If you’re just starting out, we recommend focus on finding your favorite soothing product with Tier 4 ingredients to soothe and bolster your skin barrier. Even though Tier 4 is vanilla, finding the right skin-barrier-whisperer can really pay off in the long run! When you want to test out more aggressive products, these will remain your faithful sidekicks to see you through any unexpected surprises.

A Word On Layering Order

    We get a LOT of questions about the correct layering order for different active ingredients. However, this is more about the formulation of the product rather than the active ingredients themselves. Here’s some general layering guidelines to consider:

  1. Water-based products go first. These are your toners, waters, essences, and most serums. If you enjoy layering multiple water-based products, go from the runniest to the thickest
  2. Thin, liquid emulsion treatments: These are your milky-looking serums and treatments that usually have a couple oils in the ingredient list.
  3. The creamy products and moisturizers.
  4. Where do face oils come in? We typically like to save this for the very end or mixed in with your moisturizers. There isn’t a super strict rule here except to keep it after your water-based products and emulsion treatments

Takeaway

  • Retinol, prescription acne cocktails, hydroquinone, and high levels of glycolic acid are considered “Tier 1” products where inexperienced skin actives users may want to tackle just one at a time in your skincare routine
  • We consider soothing ingredients such as centella asiatica, bisabolol, many botanical extracts, and barrier function boosting ceramides, microbiome-focused ingredients such as Lactobacillus to be “Tier 4”. They may be basic, but everyone could benefit from a good Tier 4 product!

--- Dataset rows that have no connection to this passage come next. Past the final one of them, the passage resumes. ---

lemma L2_mult_integrable:
  assumes wm: "w \<in> borel_measurable M" and wn: "\<And>x. x \<in> space M \<Longrightarrow> 0 \<le> w x"
    and g: "L2 M w g" and h: "L2 M w h"
  shows "integrable M (\<lambda>x. g x * h x * w x)"
proof (rule Bochner_Integration.integrable_bound[where f="\<lambda>x. g x * g x * w x + h x * h x * w x"])
  show "integrable M (\<lambda>x. g x * g x * w x + h x * h x * w x)"
    using g h unfolding L2_def by auto
  show "(\<lambda>x. g x * h x * w x) \<in> borel_measurable M"
    using g h wm unfolding L2_def by auto
  show "AE x in M. norm (g x * h x * w x) \<le> norm (g x * g x * w x + h x * h x * w x)"
  proof (rule AE_I2)
    fix x assume "x \<in> space M"
    then have w0: "0 \<le> w x" by (rule wn)
    have "2 * (\<bar>g x\<bar> * \<bar>h x\<bar>) \<le> g x * g x + h x * h x"
      using sum_squares_bound[of "\<bar>g x\<bar>" "\<bar>h x\<bar>"] by (simp add: power2_eq_square mult.assoc)
    then have "\<bar>g x * h x\<bar> \<le> g x * g x + h x * h x"
      unfolding abs_mult using mult_nonneg_nonneg[OF abs_ge_zero abs_ge_zero, of "g x" "h x"] by linarith
    then show "norm (g x * h x * w x) \<le> norm (g x * g x * w x + h x * h x * w x)"
      using w0 by (simp add: abs_mult mult_right_mono distrib_right[symmetric])
  qed
qed

lemma L2_add:
  assumes wm: "w \<in> borel_measurable M" and wn: "\<And>x. x \<in> space M \<Longrightarrow> 0 \<le> w x"
    and g: "L2 M w g" and h: "L2 M w h"
  shows "L2 M w (\<lambda>x. g x + h x)"
proof -
  have "integrable M (\<lambda>x. g x * g x * w x + 2 * (g x * h x * w x) + h x * h x * w x)"
    using g h L2_mult_integrable[OF wm wn g h] unfolding L2_def by auto
  moreover have "(\<lambda>x. g x * g x * w x + 2 * (g x * h x * w x) + h x * h x * w x)
      = (\<lambda>x. (g x + h x) * (g x + h x) * w x)"
    by (simp add: algebra_simps)
  ultimately show ?thesis using g h unfolding L2_def by auto
qed

lemma L2_scale:
  assumes "L2 M w g"
  shows "L2 M w (\<lambda>x. c * g x)"
proof -
  have "integrable M (\<lambda>x. (c * c) * (g x * g x * w x))"
    using assms unfolding L2_def by auto
  then show ?thesis using assms unfolding L2_def by (auto simp: mult_ac)
qed

lemma L2_const:
  assumes "integrable M w"
  shows "L2 M w (\<lambda>x. c)"
  using assms unfolding L2_def by (auto simp: mult.assoc)

lemma L2_diff:
  assumes wm: "w \<in> borel_measurable M" and wn: "\<And>x. x \<in> space M \<Longrightarrow> 0 \<le> w x"
    and g: "L2 M w g" and h: "L2 M w h"
  shows "L2 M w (\<lambda>x. g x - h x)"
  using L2_add[OF wm wn g L2_scale[OF h, of "-1"]] by simp

lemma L2_sum:
  assumes wm: "w \<in> borel_measurable M" and wn: "\<And>x. x \<in> space M \<Longrightarrow> 0 \<le> w x"
    and wi: "integrable M w" and g: "\<And>i. i \<in> I \<Longrightarrow> L2 M w (g i)"
  shows "L2 M w (\<lambda>x. \<Sum>i\<in>I. g i x)"
  using g
proof (induction I rule: infinite_finite_induct)
  case (insert i I)
  then show ?case by (simp add: L2_add[OF wm wn])
qed (simp_all add: L2_const[OF wi])

lemma L2_inner:
  fixes G :: "'x \<Rightarrow> real^'n"
  assumes wm: "w \<in> borel_measurable M" and wn: "\<And>x. x \<in> space M \<Longrightarrow> 0 \<le> w x"
    and wi: "integrable M w" and G: "\<And>i. L2 M w (\<lambda>x. G x $ i)"
  shows "L2 M w (\<lambda>x. v \<bullet> G x)"
proof -
  have "L2 M w (\<lambda>x. \<Sum>i\<in>UNIV. v $ i * G x $ i)"
    using wn by (intro L2_sum[OF wm _ wi] L2_scale G)
  then show ?thesis by (simp add: inner_vec_def)
qed

lemma L2_restrict:
  assumes g: "L2 M w g" and A: "A \<in> sets M"
  shows "L2 M (\<lambda>x. indicator A x * w x / c) g"
proof -
  have "integrable M (\<lambda>x. indicator A x *\<^sub>R (g x * g x * w x) / c)"
    using g A unfolding L2_def by (intro integrable_divide_zero integrable_mult_indicator) auto
  then show ?thesis using g unfolding L2_def by (simp add: divide_inverse mult_ac)
qed

section \<open>Linear algebra and the Cauchy--Schwarz step\<close>

text \<open>Expanding \<open>0 \<le> \<integral> (s - a \<bullet> u)\<^sup>2 w\<close> at \<open>a = J\<inverse> y\<close>: the Cauchy--Schwarz step of the
  Cramer--Rao argument.\<close>
lemma Gram_inverse_bound:
  fixes M :: "'x measure" and w s :: "'x \<Rightarrow> real" and u :: "'x \<Rightarrow> real^'l"
  defines "J \<equiv> \<chi> l m. \<integral>x. u x $ l * u x $ m * w x \<partial>M"
    and "y \<equiv> \<chi> l. \<integral>x. s x * u x $ l * w x \<partial>M"
  assumes w: "\<And>x. x \<in> space M \<Longrightarrow> 0 \<le> w x"
    and ss: "integrable M (\<lambda>x. s x * s x * w x)"
    and uu: "\<And>l m. integrable M (\<lambda>x. u x $ l * u x $ m * w x)"
    and su: "\<And>l. integrable M (\<lambda>x. s x * u x $ l * w x)"
    and J: "invertible J"
  shows "y \<bullet> (matrix_inv J *v y) \<le> (\<integral>x. s x * s x * w x \<partial>M)"
proof -
  define a where "a = matrix_inv J *v y"
  have "J ** matrix_inv J = mat 1"
    using J unfolding invertible_def matrix_inv_def by (metis (mono_tags, lifting) someI_ex)
  then have Ja: "J *v a = y"
    unfolding a_def by (simp add: matrix_vector_mul_assoc)
  have expand: "(s x - a \<bullet> u x)^2 * w x = s x * s x * w x
      - 2 * (\<Sum>l\<in>UNIV. a$l * (s x * u x $ l * w x))
      + (\<Sum>l\<in>UNIV. \<Sum>m\<in>UNIV. a$l * a$m * (u x $ l * u x $ m * w x))" for x
  proof -
    have "(a \<bullet> u x) * (a \<bullet> u x) * w x
        = (\<Sum>l\<in>UNIV. a$l * u x $ l) * (\<Sum>m\<in>UNIV. a$m * u x $ m) * w x"
      by (simp add: inner_vec_def)
    also have "\<dots> = (\<Sum>l\<in>UNIV. \<Sum>m\<in>UNIV. a$l * a$m * (u x $ l * u x $ m * w x))"
      by (simp add: sum_distrib_left sum_distrib_right mult.commute mult.left_commute)
    finally show ?thesis
      by (simp add: power2_eq_square inner_vec_def sum_distrib_left sum_distrib_right
          algebra_simps)
  qed
  have "0 \<le> (\<integral>x. (s x - a \<bullet> u x)^2 * w x \<partial>M)"
    by (rule integral_nonneg_AE) (use w in auto)
  also have "\<dots> = (\<integral>x. s x * s x * w x \<partial>M) - 2 * (\<Sum>l\<in>UNIV. a$l * y$l)
      + (\<Sum>l\<in>UNIV. \<Sum>m\<in>UNIV. a$l * a$m * J$l$m)"
    unfolding expand using ss uu su by (simp add: integral_sum integrable_sum J_def y_def)
  also have "(\<Sum>l\<in>UNIV. a$l * y$l) = a \<bullet> y"
    by (simp add: inner_vec_def)
  also have "(\<Sum>l\<in>UNIV. \<Sum>m\<in>UNIV. a$l * a$m * J$l$m) = a \<bullet> (J *v a)"
    by (simp add: inner_vec_def matrix_vector_mult_def sum_distrib_left algebra_simps)
  finally show ?thesis
    using Ja unfolding a_def by (simp add: inner_commute)
qed

definition qf :: "real^'n^'n \<Rightarrow> real^'n \<Rightarrow> real" where
  "qf M v = v \<bullet> (M *v v)"

lemma qf_add: "qf (M + N) v = qf M v + qf N v"
  unfolding qf_def by (simp add: matrix_vector_mult_add_rdistrib inner_add_right)

lemma qf_diff: "qf (M - N) v = qf M v - qf N v"
  unfolding qf_def by (simp add: matrix_vector_mult_diff_rdistrib inner_diff_right)

lemma qf_scaleR: "qf (c *\<^sub>R M) v = c * qf M v"
  unfolding qf_def by (simp add: inner_vec_def matrix_vector_mult_def sum_distrib_left mult_ac)

lemma qf_sum: "qf (\<Sum>k\<in>S. M k) v = (\<Sum>k\<in>S. qf (M k) v)"
  by (induction S rule: infinite_finite_induct) (simp_all add: qf_add qf_def[of 0])

lemma qf_outer: "qf (outer a b) v = (v \<bullet> a) * (v \<bullet> b)"
proof -
  have "outer a b *v v = (b \<bullet> v) *\<^sub>R a"
    by (simp add: vec_eq_iff outer_def matrix_vector_mult_def inner_vec_def
        sum_distrib_left mult_ac)
  then show ?thesis unfolding qf_def by (simp add: inner_commute)
qed

lemma qf_congruence: "qf (D ** M ** transpose D) v = qf M (transpose D *v v)"
  unfolding qf_def
  by (simp add: matrix_vector_mul_assoc[symmetric] dot_lmul_matrix[symmetric])

lemma psd_ge_iff_qf: "psd_ge A B \<longleftrightarrow> (\<forall>v. qf B v \<le> qf A v)"
  unfolding psd_ge_def qf_def
  by (simp add: matrix_vector_mult_diff_rdistrib inner_diff_right)

lemma qf_Emat_outer:
  fixes E :: "'x \<Rightarrow> real^'m"
  assumes "\<And>i j. integrable M (\<lambda>x. E x $ i * E x $ j * f x t)"
  shows "qf (Emat M f (\<lambda>x. outer (E x) (E x)) t) v = (\<integral>x. (v \<bullet> E x)^2 * f x t \<partial>M)"
proof -
  have square: "(v \<bullet> E x)^2 * f x t = (\<Sum>i\<in>UNIV. \<Sum>j\<in>UNIV. v$i * v$j * (E x $ i * E x $ j * f x t))"
    for x
    by (simp add: inner_vec_def power2_eq_square sum_distrib_left sum_distrib_right mult_ac)
  have "qf (Emat M f (\<lambda>x. outer (E x) (E x)) t) v
      = (\<Sum>i\<in>UNIV. \<Sum>j\<in>UNIV. v$i * v$j * (\<integral>x. E x $ i * E x $ j * f x t \<partial>M))"
    unfolding qf_def Emat_def outer_def
    by (simp add: inner_vec_def matrix_vector_mult_def sum_distrib_left mult_ac)
  also have "\<dots> = (\<integral>x. (v \<bullet> E x)^2 * f x t \<partial>M)"
    unfolding square using assms by (simp add: integral_sum integrable_sum)
  finally show ?thesis .
qed

lemma zp_emb_eq_Dmat:
  assumes "inj idx"
  shows "zp S (emb idx t) = Dmat S idx *v t"
proof (rule vec_eq_iff[THEN iffD2, rule_format])
  fix m
  show "zp S (emb idx t) $ m = (Dmat S idx *v t) $ m"
  proof (cases "m \<in> range idx")
    case True
    then obtain l0 where m: "m = idx l0" by blast
    have "(Dmat S idx *v t) $ m = (if m \<in> S then t $ l0 else 0)"
      unfolding Dmat_def matrix_vector_mult_def m using assms
      by (simp add: inj_eq if_distrib[where f="\<lambda>c. c * _"] cong: if_cong)
    then show ?thesis using assms by (simp add: zp_def emb_def m)
  qed (auto simp: zp_def emb_def Dmat_def matrix_vector_mult_def intro!: sum.neutral)
qed

lemma sCRB_unbiased:
  fixes th :: "'x \<Rightarrow> real^'m" and t :: "real^'l"
  assumes "\<forall>k\<in>{1..K}. \<forall>s. sel_bias \<mu> f (sel_region \<mu> sel (Lam k)) (Lam k) idx th s = 0"
  shows "sCRB \<mu> f K Lam sel idx th t
    = (\<Sum>k\<in>{k\<in>{1..K}. sel_prob \<mu> f (sel_region \<mu> sel (Lam k)) t \<noteq> 0}.
         sel_prob \<mu> f (sel_region \<mu> sel (Lam k)) t *\<^sub>R
           (Dmat (Lam k) idx ** matrix_inv (sel_FIM \<mu> f (sel_region \<mu> sel (Lam k)) t)
              ** transpose (Dmat (Lam k) idx)))"
proof -
  have "sel_bias \<mu> f (sel_region \<mu> sel (Lam k)) (Lam k) idx th = (\<lambda>s. 0)" if "k \<in> {1..K}" for k
    using assms that by auto
  moreover have "gradmat (\<lambda>s. 0 :: real^'m) t = 0" "outer (0 :: real^'m) 0 = 0"
    by (simp_all add: gradmat_def partial_at_def outer_def vec_eq_iff)
  ultimately show ?thesis
    unfolding sCRB_def Let_def by (intro sum.cong refl) auto
qed

section \<open>Conditioning on a selection region\<close>

lemma deriv_eq_deriv_ln_mult:
  fixes \<phi> :: "real \<Rightarrow> real"
  assumes nonneg: "\<And>r. 0 \<le> \<phi> r" and diff: "\<phi> differentiable (at a)"
  shows "deriv \<phi> a = deriv (\<lambda>r. ln (\<phi> r)) a * \<phi> a"
proof -
  have D: "DERIV \<phi> a :> deriv \<phi> a"
    using diff DERIV_deriv_iff_real_differentiable by blast
  show ?thesis
  proof (cases "\<phi> a = 0")
    case True
    then have "deriv \<phi> a = 0"
      by (intro DERIV_local_min[OF D, of 1]) (use nonneg True in auto)
    then show ?thesis using True by simp
  next
    case False
    then have pos: "0 < \<phi> a" using nonneg by (metis less_eq_real_def)
    have "DERIV (\<lambda>r. ln (\<phi> r)) a :> 1 / \<phi> a * deriv \<phi> a"
      using DERIV_chain2[OF DERIV_ln_divide[OF pos] D] by simp
    then show ?thesis using pos by (simp add: DERIV_imp_deriv)
  qed
qed

definition cond_density :: "'x measure \<Rightarrow> ('x \<Rightarrow> 'p \<Rightarrow> real) \<Rightarrow> 'x set \<Rightarrow> 'p \<Rightarrow> 'x \<Rightarrow> real" where
  "cond_density \<mu> f A t x = indicator A x * cond_pdf \<mu> f A x t"

lemma cond_density_eq: "cond_density \<mu> f A t = (\<lambda>x. indicator A x * f x t / sel_prob \<mu> f A t)"
  by (simp add: fun_eq_iff cond_density_def cond_pdf_def)

lemma cond_exp_eq_integral_cond_density:
  "cond_exp \<mu> f A g t = (\<integral>x. g x * cond_density \<mu> f A t x \<partial>\<mu>)"
  unfolding cond_exp_def cond_density_def set_lebesgue_integral_def
  by (rule Bochner_Integration.integral_cong) (simp_all add: mult_ac)

lemma sel_prob_mult_cond_exp:
  assumes "sel_prob \<mu> f A t \<noteq> 0"
  shows "sel_prob \<mu> f A t * cond_exp \<mu> f A g t = (\<integral>x. indicator A x * (g x * f x t) \<partial>\<mu>)"
proof -
  have "(\<lambda>x. g x * cond_density \<mu> f A t x) = (\<lambda>x. indicator A x * (g x * f x t) / sel_prob \<mu> f A t)"
    by (simp add: cond_density_def cond_pdf_def fun_eq_iff)
  then show ?thesis
    using assms by (simp add: cond_exp_eq_integral_cond_density)
qed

Phew! Hopefully this was a helpful way to dissect and refresh how you think of the treatments and skincare actives landscape. Remember that these actives only work with consistent use and time. When in doubt, build a manageable layering routine and approach new actives step wise to minimize potential irritation. You might be wondering where pH comes into all of this… welp! This is getting long, we’ll be dishing all about pH and skincare in an upcoming podcast episode.